The Council of the European Union has struck an agreement in principle over a proposed directive on “transparent and predictable working conditions”, which aims first and foremost to lay the ground for minimum protection of workers in new forms of employment (see our update published on EELA’s website here). With its “general approach”, the Council signals that it wants to secure the adoption of the text by the end of its term, so negotiations with the Parliament can begin, even though the proposal was submitted just seven months ago. Exchanges between ministers indicated that there is unanimous support of the objectives of the draft directive, however an agreement was made easier by the fact that, under the compromise reached, member states would be able to set the scope of its application and decide which workers would benefit from such protection.
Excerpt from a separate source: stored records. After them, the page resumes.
lemma real_rooted_add_smult_pderiv:
  assumes "real_rooted p"
  shows "real_rooted (p + smult a (pderiv p))"
  unfolding real_rooted_def
proof (intro allI impI)
  fix z assume root: "poly (map_poly complex_of_real (p + smult a (pderiv p))) z = 0"
  show "z \<in> \<real>"
  proof (rule ccontr)
    assume "z \<notin> \<real>"
    then have Im_z: "Im z \<noteq> 0" by (simp add: complex_is_Real_iff)
    obtain c rs where "c \<noteq> 0" and p: "p = smult c (\<Prod>r\<leftarrow>rs. [:-r, 1:])"
      using real_rooted_linear_factors[OF assms] by blast
    define Q where "Q = (\<Prod>w\<leftarrow>map complex_of_real rs. [:-w, 1:])"
    define S where "S = (\<Sum>r\<leftarrow>rs. inverse (z - of_real r))"
    have z_notin: "z \<notin> set (map complex_of_real rs)" using \<open>z \<notin> \<real>\<close> by auto
    have Q0: "poly Q z \<noteq> 0"
      using z_notin unfolding Q_def poly_linear_factors_eq_0_iff .
    have "poly (pderiv Q) z / poly Q z = S"
      using logderiv_linear_factors[OF z_notin] by (simp add: Q_def S_def comp_def)
    with Q0 have Q': "poly (pderiv Q) z = S * poly Q z" by (simp add: field_simps)
    have "of_real c * (poly Q z + of_real a * poly (pderiv Q) z) = 0"
      using root unfolding p Q_def
      by (simp add: map_poly_of_real_add map_poly_of_real_smult map_poly_of_real_pderiv
          map_poly_of_real_linear_factors pderiv_smult algebra_simps)
    with \<open>c \<noteq> 0\<close> have "poly Q z + of_real a * poly (pderiv Q) z = 0" by simp
    then have "poly Q z * (1 + of_real a * S) = 0" by (simp add: Q' algebra_simps)
    with Q0 have S: "1 + of_real a * S = 0" by simp
    then have "S \<noteq> 0" by auto
    then have "rs \<noteq> []" by (auto simp: S_def)
    with Im_z have "Im z * Im S < 0"
      unfolding S_def by (rule Im_mult_Im_sum_inverse_diff_real_neg)
    moreover have "a * Im S = 0" using arg_cong[OF S, of Im] by simp
    moreover have "a \<noteq> 0" using S by auto
    ultimately show False by simp
  qed
qed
The draft directive is called the ‘Written Statement Directive’, as it details the obligations to inform workers of the essential aspects of their employment relationship, revises a directive that dates back to 1991 (91/533) in a bid to take into account new “non-standard” forms of employment, such as zero-hour contracts, on demand and intermittent work. Such forms of labour deny workers a clear idea of key aspects of their working conditions: their working hours, timetable and pay. Therefore, with the draft directive, the aim is to offer non-standard workers – despite the increase in number thereof – greater predictability. The draft amends the information that must be provided to workers at the beginning of their contract and also establishes minimum rights. The general approach that was approved by the Council of the EU today, thanks to the commitment of the Bulgarian presidency, in office until 1 July, will seek to accelerate the legislative procedure. It is also hoped that the general approach can help facilitate a quick adoption, as it provides the Parliament with indications as to the Council’s position even before the former has given its opinion after the first reading of the draft.
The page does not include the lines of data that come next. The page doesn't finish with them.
(* Let $(X_n)_{n\ge1}$ be real random variables with densities $(p_n)_{n\ge1}$, $\mathbb{E}X_n=0$, $\mathrm{Var}(X_n)=1$ for all $n$, and $\sup_n\mathbb{E}|X_n|^s<\infty$ for some $s>2$. Suppose one of the following holds: (1) there is $q\in(2,\infty]$ with $\sup_n\|p_n-\phi\|_q<\infty$; (2) $\limsup_n\|p_n\|_2\le\|\phi\|_2$. Then the following are equivalent: (i) $\|p_n-\phi\|_1\to0$; (ii) $\|p_n-\phi\|_2\to0$; (iii) $\mathrm{KL}(X_n\|G)\to0$, as $n\to\infty$.
   Context: $\phi(x)=(2\pi)^{-1/2}e^{-x^2/2}$ is the density of a standard Gaussian random variable $G$; $\mathrm{KL}(X_n\|G)=\int p_n\ln(p_n/\phi)$; $\|\cdot\|_q$ is the $L^q(\mathbb{R})$ norm. *)

theory Defs
  imports "HOL-Probability.Probability"
begin

abbreviation phi :: "real \<Rightarrow> real" where "phi \<equiv> std_normal_density"

definition is_density :: "(real \<Rightarrow> real) \<Rightarrow> bool" where
  "is_density p \<longleftrightarrow> p \<in> borel_measurable lborel \<and> (\<forall>x. 0 \<le> p x)
     \<and> (\<integral>\<^sup>+ x. ennreal (p x) \<partial>lborel) = 1"

definition Lq_pow :: "real \<Rightarrow> (real \<Rightarrow> real) \<Rightarrow> ennreal" where
  "Lq_pow q f = (\<integral>\<^sup>+ x. ennreal (\<bar>f x\<bar> powr q) \<partial>lborel)"

definition Linf_le :: "(real \<Rightarrow> real) \<Rightarrow> real \<Rightarrow> bool" where
  "Linf_le f C \<longleftrightarrow> (AE x in lborel. \<bar>f x\<bar> \<le> C)"

text \<open>KL(p || G) = integral of p ln(p/phi), valued in (-\<infinity>,\<infinity>]; it is +\<infinity> when
  p ln(p/phi) is not Lebesgue integrable (its negative part is always integrable
  for densities with finite second moment, so this is the standard value).\<close>
definition KL_gauss :: "(real \<Rightarrow> real) \<Rightarrow> ereal" where
  "KL_gauss p = (if integrable lborel (\<lambda>x. p x * ln (p x / phi x))
                 then ereal (\<integral>x. p x * ln (p x / phi x) \<partial>lborel) else \<infinity>)"

end

theory Submission
  imports Defs
begin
Definition of worker at the centre of the directive’s scope. The European Commission has upheld an EU-wide definition of a worker, which relies on the criteria developed by the European Court of Justice. The institution believes this is the only way to avoid a situationwhereby, with each new development in the employment market, the workers concerned find themselves without the traditional protections, particularly because national governments create special categories for them. As such, the Commission defines a “worker” as a “natural person who performs services, for and under the direction of another person, in return for remuneration”. When work began on a draft revision of the directive, several delegations were opposed to an EU-level definition of a “worker”, fearing that it could create legal uncertainty, particularly when jurisprudence is developed on a case-by-case basis. Under the compromise that was adopted, despite abstentions from members states including Belgium, Austria and Germany, states have the ability to set out who benefits from such protection. Definitions of a worker, employer or employment relationship were abandoned. Instead an article establishes the scope of the directive, to apply to those “who have an employment contract or employment relationship as defined by the law, collective agreements or practice in force in each member state”. It is added that “the interpretation of the Court of Justice of these criteria should be taken into account in the implementation of this directive”. The compromise therefore affords control to member states, to the dismay of Marianne Thyssen, the European Commissioner for Employment, Social Affairs, Skills and Labour Mobility. She hopes that upcoming talks will give the directive a more extensive scope.

During negotiations, several governments flagged the administrative burden resulting from the requirement to inform workers in writing as regards the employment relationship on their first day of work. The Bulgarian presidency proposed that a distinction could be made between important information that must be communicated on the very first day and other details that could be provided within a month. The compromise also provides for seafarers and sea fishermen to be excluded from the scope of the directive, as well as some public service workers such as members of the armed forces and police. It also allows member states to choose not to apply the obligations of the directive to workers who have an employment relationship equal to or less than 5 hours per week on average, over a reference period of four weeks. The Commission had proposed that this permitted in the case of individuals working less than 8 hours per month.

A concern raised by Sweden, which was then supported by other member states, was that the text could weaken the powers of social partners at national level, since it imposed requirements on collective bargaining. However, governments agreed to work on ensuring that social partners are granted greater autonomy when the text is implemented.